• **TASK DIRECTIONS**
For the string "tensors", find every matching line in the records and copy it.

┏━━

theorem theorem5:
  fixes ns ms :: "nat list" and r m :: nat
    and X :: "nat list \<Rightarrow> complex"
    and T :: "nat \<Rightarrow> nat list \<Rightarrow> complex"
    and L :: "(nat list \<Rightarrow> complex) \<Rightarrow> (nat list \<Rightarrow> complex)"
    and idx :: "nat list \<Rightarrow> nat"
    and A :: "nat \<Rightarrow> nat \<Rightarrow> complex"
    and \<epsilon> :: real
  defines "Lsp \<equiv> tspan r T"
    and "Pp \<equiv> proj_perp ns (tspan r T) X"
  defines "P \<equiv> (\<lambda>is. Pp is / complex_of_real (tnorm ns Pp))"
  assumes X: "X \<in> tensors ns"
    and T_in: "\<And>k. k < r \<Longrightarrow> T k \<in> tensors ns"
    and T_orthonormal: "\<And>j k. j < r \<Longrightarrow> k < r \<Longrightarrow> tinner ns (T j) (T k) = (if j = k then 1 else 0)"
    and eps: "0 < \<epsilon>" "\<epsilon> < 1"
    and L_lin: "tlinear ns ms L"
    and JL1: "tJL ns ms L (\<epsilon> / 6) (Lsp \<union> {Pp})"
    and JL2: "tJL ns ms L (\<epsilon> / (24 * sqrt (real r)))
               (\<Union>k\<in>{..<r}. {(\<lambda>is. P is - T k is), (\<lambda>is. P is + T k is),
                             (\<lambda>is. P is - \<i> * T k is), (\<lambda>is. P is + \<i> * T k is)})"
    and vect: "reshaping ms idx"
    and A_JL: "mJL m (prod_list ms) A (\<epsilon> / 3)
               (vspan (Suc r) (\<lambda>k. if k = 0 then vect ms idx (L Pp) else vect ms idx (L (T (k - 1)))))"
  shows "\<forall>Y\<in>Lsp.
     \<bar>(vnorm m (mat_app m (prod_list ms) A (vect ms idx (L (\<lambda>is. X is - Y is)))))\<^sup>2
        - (tnorm ns (\<lambda>is. X is - Y is))\<^sup>2\<bar>
     \<le> \<epsilon> * (tnorm ns (\<lambda>is. X is - Y is))\<^sup>2"
proof
  fix Y
  assume Y: "Y \<in> Lsp"
  have T: "torthonormal ns r T"
    using T_in T_orthonormal unfolding torthonormal_def by blast
  have S: "\<And>k c. k < r \<Longrightarrow> c \<in> {1, -1, \<i>, -\<i>} \<Longrightarrow> (\<lambda>i. P i + c * T k i) \<in>
      (\<Union>k\<in>{..<r}. {(\<lambda>is. P is - T k is), (\<lambda>is. P is + T k is),
                     (\<lambda>is. P is - \<i> * T k is), (\<lambda>is. P is + \<i> * T k is)})"
    by auto
  have dist: "\<bar>(tnorm ms (L (\<lambda>i. X i - Y i)))\<^sup>2 - (tnorm ns (\<lambda>i. X i - Y i))\<^sup>2\<bar>
      \<le> \<epsilon> / 4 * (tnorm ns (\<lambda>i. X i - Y i))\<^sup>2"
    using tJL_distortion_diff_tspan[OF T X less_imp_le[OF eps(1)] L_lin JL1[unfolded Lsp_def Pp_def]
        JL2[unfolded P_def Pp_def] S[unfolded P_def Pp_def] Y[unfolded Lsp_def]] .
  have "vect ms idx (L (\<lambda>i. X i - Y i)) \<in> vspan (Suc r)
      (\<lambda>k. if k = 0 then vect ms idx (L Pp) else vect ms idx (L (T (k - 1))))"
    unfolding Pp_def using T X L_lin Y[unfolded Lsp_def] by (rule vect_tlinear_diff_in_vspan)
  from mJL_D[OF A_JL this] obtain b where b: "\<bar>b\<bar> < \<epsilon> / 3"
    "(vnorm m (mat_app m (prod_list ms) A (vect ms idx (L (\<lambda>i. X i - Y i)))))\<^sup>2
       = (1 + b) * (tnorm ms (L (\<lambda>i. X i - Y i)))\<^sup>2"
    unfolding vnorm_vect[OF vect] by blast
  have "\<bar>(1 + b) * (tnorm ms (L (\<lambda>i. X i - Y i)))\<^sup>2 - (tnorm ns (\<lambda>i. X i - Y i))\<^sup>2\<bar>
      \<le> (\<epsilon> / 4 + \<epsilon> / 3 + \<epsilon> / 4 * (\<epsilon> / 3)) * (tnorm ns (\<lambda>i. X i - Y i))\<^sup>2"
    by (rule abs_mult_distortion_le[OF dist less_imp_le[OF b(1)] zero_le_power2])
  also have "\<dots> \<le> \<epsilon> * (tnorm ns (\<lambda>i. X i - Y i))\<^sup>2"
    using eps mult_strict_left_mono[of \<epsilon> 1 \<epsilon>] by (intro mult_right_mono zero_le_power2) linarith
  finally show "\<bar>(vnorm m (mat_app m (prod_list ms) A (vect ms idx (L (\<lambda>is. X is - Y is)))))\<^sup>2
      - (tnorm ns (\<lambda>is. X is - Y is))\<^sup>2\<bar> \<le> \<epsilon> * (tnorm ns (\<lambda>is. X is - Y is))\<^sup>2"
    unfolding b(2) .
qed

end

┗━━

• **ANSWER TO THIS EXERCISE**
  assumes X: "X \<in> tensors ns"
    and T_in: "\<And>k. k < r \<Longrightarrow> T k \<in> tensors ns"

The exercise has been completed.